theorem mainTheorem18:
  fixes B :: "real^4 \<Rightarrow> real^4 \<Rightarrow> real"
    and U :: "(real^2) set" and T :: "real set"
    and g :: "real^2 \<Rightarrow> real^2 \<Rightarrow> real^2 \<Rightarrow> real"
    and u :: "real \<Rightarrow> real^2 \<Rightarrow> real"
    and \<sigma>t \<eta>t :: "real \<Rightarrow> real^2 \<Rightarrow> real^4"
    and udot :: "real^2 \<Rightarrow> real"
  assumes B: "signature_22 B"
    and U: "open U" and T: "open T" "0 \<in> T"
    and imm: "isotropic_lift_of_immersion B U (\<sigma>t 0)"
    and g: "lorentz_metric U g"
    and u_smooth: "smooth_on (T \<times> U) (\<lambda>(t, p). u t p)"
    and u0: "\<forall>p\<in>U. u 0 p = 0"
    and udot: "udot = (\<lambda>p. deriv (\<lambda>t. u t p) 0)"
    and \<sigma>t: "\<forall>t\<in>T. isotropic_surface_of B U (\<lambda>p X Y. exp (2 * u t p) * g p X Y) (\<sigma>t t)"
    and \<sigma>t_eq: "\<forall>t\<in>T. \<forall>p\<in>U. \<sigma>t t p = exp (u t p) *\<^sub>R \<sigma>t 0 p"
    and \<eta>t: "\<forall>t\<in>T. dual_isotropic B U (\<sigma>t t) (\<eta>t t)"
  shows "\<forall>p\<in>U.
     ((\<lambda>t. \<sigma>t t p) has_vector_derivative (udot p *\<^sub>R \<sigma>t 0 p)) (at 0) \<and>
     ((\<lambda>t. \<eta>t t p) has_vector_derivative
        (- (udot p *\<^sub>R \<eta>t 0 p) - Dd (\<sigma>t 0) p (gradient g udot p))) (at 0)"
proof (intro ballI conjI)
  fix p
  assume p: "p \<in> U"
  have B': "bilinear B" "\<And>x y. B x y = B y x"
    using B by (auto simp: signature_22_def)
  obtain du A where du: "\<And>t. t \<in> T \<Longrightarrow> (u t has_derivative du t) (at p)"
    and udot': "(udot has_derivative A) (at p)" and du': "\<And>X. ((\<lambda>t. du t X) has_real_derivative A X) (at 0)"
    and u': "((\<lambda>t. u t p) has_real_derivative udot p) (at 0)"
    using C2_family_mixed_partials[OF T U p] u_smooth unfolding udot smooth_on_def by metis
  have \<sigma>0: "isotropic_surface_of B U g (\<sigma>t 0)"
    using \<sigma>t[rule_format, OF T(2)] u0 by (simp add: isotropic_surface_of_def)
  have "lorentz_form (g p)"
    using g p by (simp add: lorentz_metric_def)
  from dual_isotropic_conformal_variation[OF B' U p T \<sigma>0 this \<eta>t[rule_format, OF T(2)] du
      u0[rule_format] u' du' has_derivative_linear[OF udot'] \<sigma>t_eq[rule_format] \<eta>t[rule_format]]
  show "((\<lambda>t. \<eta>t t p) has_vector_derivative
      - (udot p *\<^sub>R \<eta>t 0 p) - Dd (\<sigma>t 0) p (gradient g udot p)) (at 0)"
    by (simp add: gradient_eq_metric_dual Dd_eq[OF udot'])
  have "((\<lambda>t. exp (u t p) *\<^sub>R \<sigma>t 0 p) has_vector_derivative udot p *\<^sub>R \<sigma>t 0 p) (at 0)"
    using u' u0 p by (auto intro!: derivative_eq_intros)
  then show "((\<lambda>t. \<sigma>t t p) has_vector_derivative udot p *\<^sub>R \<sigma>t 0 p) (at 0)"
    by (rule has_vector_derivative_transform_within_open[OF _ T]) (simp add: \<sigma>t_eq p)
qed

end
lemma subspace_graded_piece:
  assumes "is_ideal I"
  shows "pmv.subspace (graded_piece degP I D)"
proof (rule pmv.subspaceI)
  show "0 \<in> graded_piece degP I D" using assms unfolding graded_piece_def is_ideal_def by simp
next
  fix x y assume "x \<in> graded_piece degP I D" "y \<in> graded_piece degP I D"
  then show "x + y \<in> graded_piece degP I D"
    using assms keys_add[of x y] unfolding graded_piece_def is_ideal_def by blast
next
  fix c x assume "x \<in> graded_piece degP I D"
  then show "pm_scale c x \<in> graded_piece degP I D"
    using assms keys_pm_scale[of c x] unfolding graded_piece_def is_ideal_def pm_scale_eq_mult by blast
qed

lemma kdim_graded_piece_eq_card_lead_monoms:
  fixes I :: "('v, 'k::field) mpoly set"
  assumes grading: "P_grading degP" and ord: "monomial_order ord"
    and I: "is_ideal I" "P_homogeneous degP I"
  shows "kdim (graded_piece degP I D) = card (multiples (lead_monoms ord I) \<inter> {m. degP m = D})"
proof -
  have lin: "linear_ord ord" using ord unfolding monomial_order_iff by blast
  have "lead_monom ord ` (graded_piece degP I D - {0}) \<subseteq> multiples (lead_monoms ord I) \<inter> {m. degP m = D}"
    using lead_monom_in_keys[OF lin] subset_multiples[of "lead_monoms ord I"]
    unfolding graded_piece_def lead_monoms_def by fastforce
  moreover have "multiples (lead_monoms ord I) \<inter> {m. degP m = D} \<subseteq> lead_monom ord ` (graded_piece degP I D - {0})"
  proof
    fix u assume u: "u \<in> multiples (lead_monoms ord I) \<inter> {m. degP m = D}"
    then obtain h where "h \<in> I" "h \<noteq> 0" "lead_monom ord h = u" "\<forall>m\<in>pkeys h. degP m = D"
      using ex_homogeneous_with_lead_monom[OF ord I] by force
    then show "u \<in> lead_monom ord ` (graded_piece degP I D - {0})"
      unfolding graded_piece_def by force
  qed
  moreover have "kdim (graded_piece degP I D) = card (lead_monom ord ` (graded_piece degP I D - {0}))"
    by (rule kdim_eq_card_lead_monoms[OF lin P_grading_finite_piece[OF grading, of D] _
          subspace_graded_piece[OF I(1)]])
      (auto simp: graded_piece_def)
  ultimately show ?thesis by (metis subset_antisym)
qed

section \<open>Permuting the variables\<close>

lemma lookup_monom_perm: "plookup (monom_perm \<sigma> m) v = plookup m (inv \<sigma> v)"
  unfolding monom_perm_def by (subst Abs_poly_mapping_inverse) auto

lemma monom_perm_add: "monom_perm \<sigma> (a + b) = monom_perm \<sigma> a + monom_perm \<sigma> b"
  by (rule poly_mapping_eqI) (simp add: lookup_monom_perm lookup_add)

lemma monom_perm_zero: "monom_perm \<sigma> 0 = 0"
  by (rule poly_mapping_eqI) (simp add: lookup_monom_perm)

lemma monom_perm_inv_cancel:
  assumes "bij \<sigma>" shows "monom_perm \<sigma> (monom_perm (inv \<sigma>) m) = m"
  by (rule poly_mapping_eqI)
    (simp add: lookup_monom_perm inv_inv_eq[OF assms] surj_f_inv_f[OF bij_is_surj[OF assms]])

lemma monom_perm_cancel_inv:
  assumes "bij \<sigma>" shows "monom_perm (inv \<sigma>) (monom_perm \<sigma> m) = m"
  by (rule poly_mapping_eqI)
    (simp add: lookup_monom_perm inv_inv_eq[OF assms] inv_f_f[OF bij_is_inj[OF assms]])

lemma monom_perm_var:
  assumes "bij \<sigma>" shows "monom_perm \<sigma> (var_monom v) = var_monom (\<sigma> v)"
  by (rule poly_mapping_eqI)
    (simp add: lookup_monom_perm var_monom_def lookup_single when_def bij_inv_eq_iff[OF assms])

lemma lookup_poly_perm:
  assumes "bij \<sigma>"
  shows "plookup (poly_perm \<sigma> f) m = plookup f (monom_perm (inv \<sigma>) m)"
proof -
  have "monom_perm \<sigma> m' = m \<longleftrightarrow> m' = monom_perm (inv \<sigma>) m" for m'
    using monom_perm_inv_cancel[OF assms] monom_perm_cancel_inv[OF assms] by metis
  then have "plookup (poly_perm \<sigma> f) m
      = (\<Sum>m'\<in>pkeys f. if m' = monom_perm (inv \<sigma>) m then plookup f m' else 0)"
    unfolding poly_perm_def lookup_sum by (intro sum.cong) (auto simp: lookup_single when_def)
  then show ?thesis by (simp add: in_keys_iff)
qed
#####
[WHAT TO PRODUCE]
An exact copy of the lines above between the line holding "using ex_homogeneous_with_lead_monom[OF ord" and the line holding "(\<Sum>m'\<in>pkeys f. if", inclusive, is the whole answer.

[EXERCISE ANSWER]
      using ex_homogeneous_with_lead_monom[OF ord I] by force
    then show "u \<in> lead_monom ord ` (graded_piece degP I D - {0})"
      unfolding graded_piece_def by force
  qed
  moreover have "kdim (graded_piece degP I D) = card (lead_monom ord ` (graded_piece degP I D - {0}))"
    by (rule kdim_eq_card_lead_monoms[OF lin P_grading_finite_piece[OF grading, of D] _
          subspace_graded_piece[OF I(1)]])
      (auto simp: graded_piece_def)
  ultimately show ?thesis by (metis subset_antisym)
qed

section \<open>Permuting the variables\<close>

lemma lookup_monom_perm: "plookup (monom_perm \<sigma> m) v = plookup m (inv \<sigma> v)"
  unfolding monom_perm_def by (subst Abs_poly_mapping_inverse) auto

lemma monom_perm_add: "monom_perm \<sigma> (a + b) = monom_perm \<sigma> a + monom_perm \<sigma> b"
  by (rule poly_mapping_eqI) (simp add: lookup_monom_perm lookup_add)

lemma monom_perm_zero: "monom_perm \<sigma> 0 = 0"
  by (rule poly_mapping_eqI) (simp add: lookup_monom_perm)

lemma monom_perm_inv_cancel:
  assumes "bij \<sigma>" shows "monom_perm \<sigma> (monom_perm (inv \<sigma>) m) = m"
  by (rule poly_mapping_eqI)
    (simp add: lookup_monom_perm inv_inv_eq[OF assms] surj_f_inv_f[OF bij_is_surj[OF assms]])

lemma monom_perm_cancel_inv:
  assumes "bij \<sigma>" shows "monom_perm (inv \<sigma>) (monom_perm \<sigma> m) = m"
  by (rule poly_mapping_eqI)
    (simp add: lookup_monom_perm inv_inv_eq[OF assms] inv_f_f[OF bij_is_inj[OF assms]])

lemma monom_perm_var:
  assumes "bij \<sigma>" shows "monom_perm \<sigma> (var_monom v) = var_monom (\<sigma> v)"
  by (rule poly_mapping_eqI)
    (simp add: lookup_monom_perm var_monom_def lookup_single when_def bij_inv_eq_iff[OF assms])

lemma lookup_poly_perm:
  assumes "bij \<sigma>"
  shows "plookup (poly_perm \<sigma> f) m = plookup f (monom_perm (inv \<sigma>) m)"
proof -
  have "monom_perm \<sigma> m' = m \<longleftrightarrow> m' = monom_perm (inv \<sigma>) m" for m'
    using monom_perm_inv_cancel[OF assms] monom_perm_cancel_inv[OF assms] by metis
  then have "plookup (poly_perm \<sigma> f) m
      = (\<Sum>m'\<in>pkeys f. if m' = monom_perm (inv \<sigma>) m then plookup f m' else 0)"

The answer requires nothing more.